Department of Gastroenterology, Peking Union Medical College Hospital, Chinese Academy of Medical Sciences, Beijing, China.
J Dig Dis. 2021 Aug;22(8):444-451. doi: 10.1111/1751-2980.13029. Epub 2021 Jul 8.

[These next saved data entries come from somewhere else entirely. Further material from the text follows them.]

text \<open>Writing \<open>w^h\<close> through Stirling numbers as a sum of \<open>t! (w choose t)\<close> and counting the
  \<open>t\<close>-subsets of \<open>char_minus_set a\<close> by \<open>card_char_minus_set_choose\<close> expresses the moments
  of \<open>2 |char_minus_set a|\<close> through the numbers of zero-trace subsets of \<open>SL\<close>.\<close>

lemma sum_power_card_char_minus_set:
  fixes N :: nat
  defines "N \<equiv> card (SL :: ('a^'n::finite^'n) set)"
  shows "(\<Sum>a\<in>UNIV. int (2 * card (char_minus_set a :: ('a^'n^'n) set)) ^ h) =
    int (2^r) * (\<Sum>i=0..min N h. (-1)^i * int (card (zero_trace_subsets i :: ('a^'n^'n) set set)) *
      (\<Sum>t=i..h. int (fact t) * int (Stirling h t) * 2 ^ (h - t) *
         (if t \<le> N then int ((N - i) choose (N - t)) else 0)))"
proof -
  let ?w = "\<lambda>a::'a. card (char_minus_set a :: ('a^'n^'n) set)"
  define F where "F = (\<lambda>t. int (fact t) * int (Stirling h t) * 2 ^ (h - t))"
  define G where "G = (\<lambda>i. (-1::int)^i * int (card (zero_trace_subsets i :: ('a^'n^'n) set set)))"
  have "int (2 * ?w a) ^ h = (\<Sum>t\<le>h. F t * (int (2^t) * int (?w a choose t)))" for a
  proof -
    have "int (2 * ?w a) ^ h = 2^h * int (\<Sum>t\<le>h. Stirling h t * (fact t * (?w a choose t)))"
      by (simp only: power_eq_sum_Stirling_fact_choose[symmetric] of_nat_mult of_nat_power power_mult_distrib)
        simp
    also have "\<dots> = (\<Sum>t\<le>h. 2^h * (int (Stirling h t) * (int (fact t) * int (?w a choose t))))"
      by (simp add: sum_distrib_left)
    also have "\<dots> = (\<Sum>t\<le>h. F t * (int (2^t) * int (?w a choose t)))"
    proof (intro sum.cong refl)
      fix t assume "t \<in> {..h}"
      hence "(2::int)^h = 2^(h-t) * 2^t" by (simp add: power_add[symmetric])
      thus "2^h * (int (Stirling h t) * (int (fact t) * int (?w a choose t))) = F t * (int (2^t) * int (?w a choose t))"
        by (simp add: F_def mult_ac)
    qed
    finally show ?thesis .
  qed
  hence "(\<Sum>a\<in>UNIV. int (2 * ?w a) ^ h) = (\<Sum>a\<in>UNIV. \<Sum>t\<le>h. F t * (int (2^t) * int (?w a choose t)))"
    by (simp only:)
  also have "\<dots> = (\<Sum>t\<le>h. F t * (\<Sum>a\<in>UNIV. int (2^t) * int (?w a choose t)))"
    by (subst sum.swap) (simp only: sum_distrib_left)
  also have "\<dots> = int (2^r) * (\<Sum>t\<le>h. F t * (\<Sum>i\<in>{0..N}. G i *
      (if i \<le> t then int ((N - i) choose (t - i)) else 0)))"
    unfolding sum_card_char_minus_set_choose signed_zero_trace_count_SL G_def N_def
    by (simp only: sum_distrib_left mult.left_commute)
  also have "\<dots> = int (2^r) * (\<Sum>i=0..min N h. G i * (\<Sum>t=i..h. F t *
      (if t \<le> N then int ((N - i) choose (N - t)) else 0)))"
    by (simp only: sum_choose_exchange)
  finally show ?thesis by (simp add: F_def G_def)
qed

Hamartomatous polyposis syndromes (HPS) are a heterogeneous spectrum of diseases that are characterized by diffuse hamartomatous polyps lining the gastrointestinal (GI) tract together with extra-GI manifestations. Classical HPS includes juvenile polyposis syndrome, Peutz-Jeghers syndrome, PTEN hamartoma tumor syndrome and hereditary mixed polyposis syndrome. Patients with HPS have a higher risk of GI and extra-GI malignancies than the general population, although the underlying mechanisms remain unclear and are obviously different from the carcinogenesis of classical adenocarcinoma and colitis-associated malignancy. In this review we aimed to clarify the risks, possible mechanism and endoscopic surveillance of HPS-associated GI malignancies.
错构瘤性息肉综合征(HPS)是一组异质性疾病,其特征是胃肠道(GI)内弥漫性错构瘤性息肉与胃肠道外表现并存。经典的 HPS 包括青少年息肉综合征、Peutz-Jeghers 综合征、PTEN 错构瘤肿瘤综合征和遗传性混合息肉综合征。与普通人群相比,HPS 患者的 GI 和胃肠道外恶性肿瘤风险更高,尽管其潜在机制尚不清楚,并且明显不同于经典腺癌和结肠炎相关恶性肿瘤的发生机制。在这篇综述中,我们旨在阐明 HPS 相关 GI 恶性肿瘤的风险、可能的机制和内镜监测。